_What you should do_. Check every line of the data below for the word "simp", then give only the number of lines that have it.

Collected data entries
____________________
lemma cycle_longer_than_5_impossible:
  assumes zw: "z \<notin> P w" and w2z: "w2 \<notin> P z" and z2w2: "z2 \<notin> P w2"
  shows False
proof -
  have c2: "c = 2" using c_eq_two[OF zw w2z] .
  have ww2: "w \<in> P w2" using in_pos_nbhds pos_nbhd_sym by blast
  obtain y where P_w2: "P w2 = {w, m w, y, m y}" and yw2: "y \<in> P w2" and y_w: "y \<notin> {w, m w}"
    using pos_nbhd_pairs[OF in_V(3) ww2] .
  have yV: "y \<in> V" using yw2 pos_nbhd_subset by blast
  have "w2 \<notin> P u" using P_u pairs_apart(3) w2_apart_z[OF zw] by auto
  then have w_Pz: "w \<notin> P z" and uw2': "u \<notin> P w2" and zw2: "z \<notin> P w2"
    using zw w2z pos_nbhd_sym by blast+
  have z2_w: "z2 \<notin> {w, m w}" using not_in_pair_if_pos_nbr[OF in_V(2) in_pos_nbhds(6) in_V(1) w_Pz] .
  have z2_w2: "z2 \<notin> {w2, m w2}" using not_in_pair_if_pos_nbr[OF in_V(2) in_pos_nbhds(6) in_V(3) w2z] .
  have z2_y: "z2 \<notin> {y, m y}"
    using pairs_disjoint[OF yV in_V(4) not_in_pair_if_pos_nbr[OF in_V(3) yw2 in_V(4) z2w2]] by blast
  have "c = 2 * (s w z2 + s y z2)"
    by (rule c_eq_via_pos_nbhd[OF in_V(3) in_V(4) P_w2 y_w]) (use z2_w2 z2_w z2_y in auto)
  moreover have "s w z2 = 0"
    using sgn_eq_zero[OF in_V(1), of z2] P_w uz2 z2_w2 z2_w by auto
  ultimately have "s y z2 = 1" using c2 by simp
  then have y_z2: "y \<notin> {z2, m z2}"
    using pos_nbr_not_in_pair[OF in_V(4), of y] pos_nbhd_iff pos_nbhd_sym by blast
  have y_u: "y \<notin> {u, m u}" using not_in_pair_if_pos_nbr[OF in_V(3) yw2 u uw2'] .
  have y_z: "y \<notin> {z, m z}" using not_in_pair_if_pos_nbr[OF in_V(3) yw2 in_V(2) zw2] .
  have y_w2: "y \<notin> {w2, m w2}" using pos_nbr_not_in_pair[OF in_V(3) yw2] .
  have "c = 2 * (s w y + s z y)"
    by (rule c_eq_via_pos_nbhd[OF u yV P_u wz]) (use y_u y_w y_z in auto)
  moreover have "s w y = 0" "s z y = 0"
    using sgn_eq_zero[OF in_V(1), of y] sgn_eq_zero[OF in_V(2), of y] P_w P_z y_u y_w2 y_w y_z y_z2
    by auto
  ultimately show False using c2 by simp
qed

end

context srsg_5_3_b_pos
begin

lemma sg_iso_S1_4_or_5:
  assumes conn: "connected G" and not_complete: "\<not> complete G"
  shows "sg_iso G (S1 4) \<or> sg_iso G (S1 5)"
proof -
  obtain u where u: "u \<in> V"
    using params sgn_nonzero_in_V unfolding srsg_params_def edgeless_def by blast
  then have "P u \<noteq> {}" using card_pos_nbhd by fastforce
  then obtain w where w: "w \<in> P u" by blast
  then obtain z where P_u: "P u = {w, m w, z, m z}" and z: "z \<in> P u" "z \<notin> {w, m w}"
    using pos_nbhd_pairs[OF u] by blast
  have V: "w \<in> V" "z \<in> V" using w z pos_nbhd_subset by blast+
  have "u \<in> P w" "u \<in> P z" using w z pos_nbhd_sym by blast+
  then obtain w2 z2 where P_w: "P w = {u, m u, w2, m w2}" "w2 \<notin> {u, m u}"
    and P_z: "P z = {u, m u, z2, m z2}" "z2 \<notin> {u, m u}"
    using pos_nbhd_pairs[OF V(1)] pos_nbhd_pairs[OF V(2)] by metis
  interpret mate_pair_path G n r a b c u w z w2 z2
    using u P_u z(2) P_w P_z by unfold_locales
  consider "z \<in> P w" | "z \<notin> P w" "w2 \<in> P z" | "z \<notin> P w" "w2 \<notin> P z" "z2 \<in> P w2"
    | "z \<notin> P w" "w2 \<notin> P z" "z2 \<notin> P w2" by blast
  then show ?thesis
    using complete_if_triangle[OF conn] iso_S1_4_if_square[OF conn] iso_S1_5_if_pentagon[OF conn]
      cycle_longer_than_5_impossible not_complete
    by cases blast+
qed

end

lemma class_C145_params:
  assumes "class_C1 G \<or> class_C4 G \<or> class_C5 G" and "\<not> complete G"
  obtains n r a b c where "srsg_params G n r a b c" "a + b \<noteq> 2 * c"
  using assms unfolding class_C1_def class_C4_def class_C5_def by fastforce

theorem lemma3p1:
  fixes G :: "'a sgraph"
  assumes "srsg G"
    and "connected G"
    and "\<not> complete G"
    and "regular G 5"
    and "net_regular G 3"
    and "class_C1 G \<or> class_C4 G \<or> class_C5 G"
    and "has_unbalanced_triangle G"
  shows "(sg_iso G (S1 4) \<and> srsg_params (S1 4) 8 5 (-2) 4 4)
       \<or> (sg_iso G (S1 5) \<and> srsg_params (S1 5) 10 5 (-2) 4 2)"
proof -
  \<comment> \<open>The hypothesis \<open>srsg G\<close> is implied by the class hypothesis and not needed.\<close>
  obtain n r a b c where params: "srsg_params G n r a b c" and mate_coeff_nonzero: "a + b \<noteq> 2 * c"
    using class_C145_params[OF assms(6,3)] .
  interpret srsg_5_3 G n r a b c
    using params assms(4,5) mate_coeff_nonzero by unfold_locales
  interpret srsg_5_3_b_pos G n r a b c
    using one_le_b_if_unbalanced_triangle[OF assms(7)] by unfold_locales
  have "sg_iso G (S1 4) \<or> sg_iso G (S1 5)"
    using sg_iso_S1_4_or_5 assms(2,3) by blast
  then show ?thesis using srsg_params_S1_4 srsg_params_S1_5 by blast
qed

end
____________________
_Answer space_. 2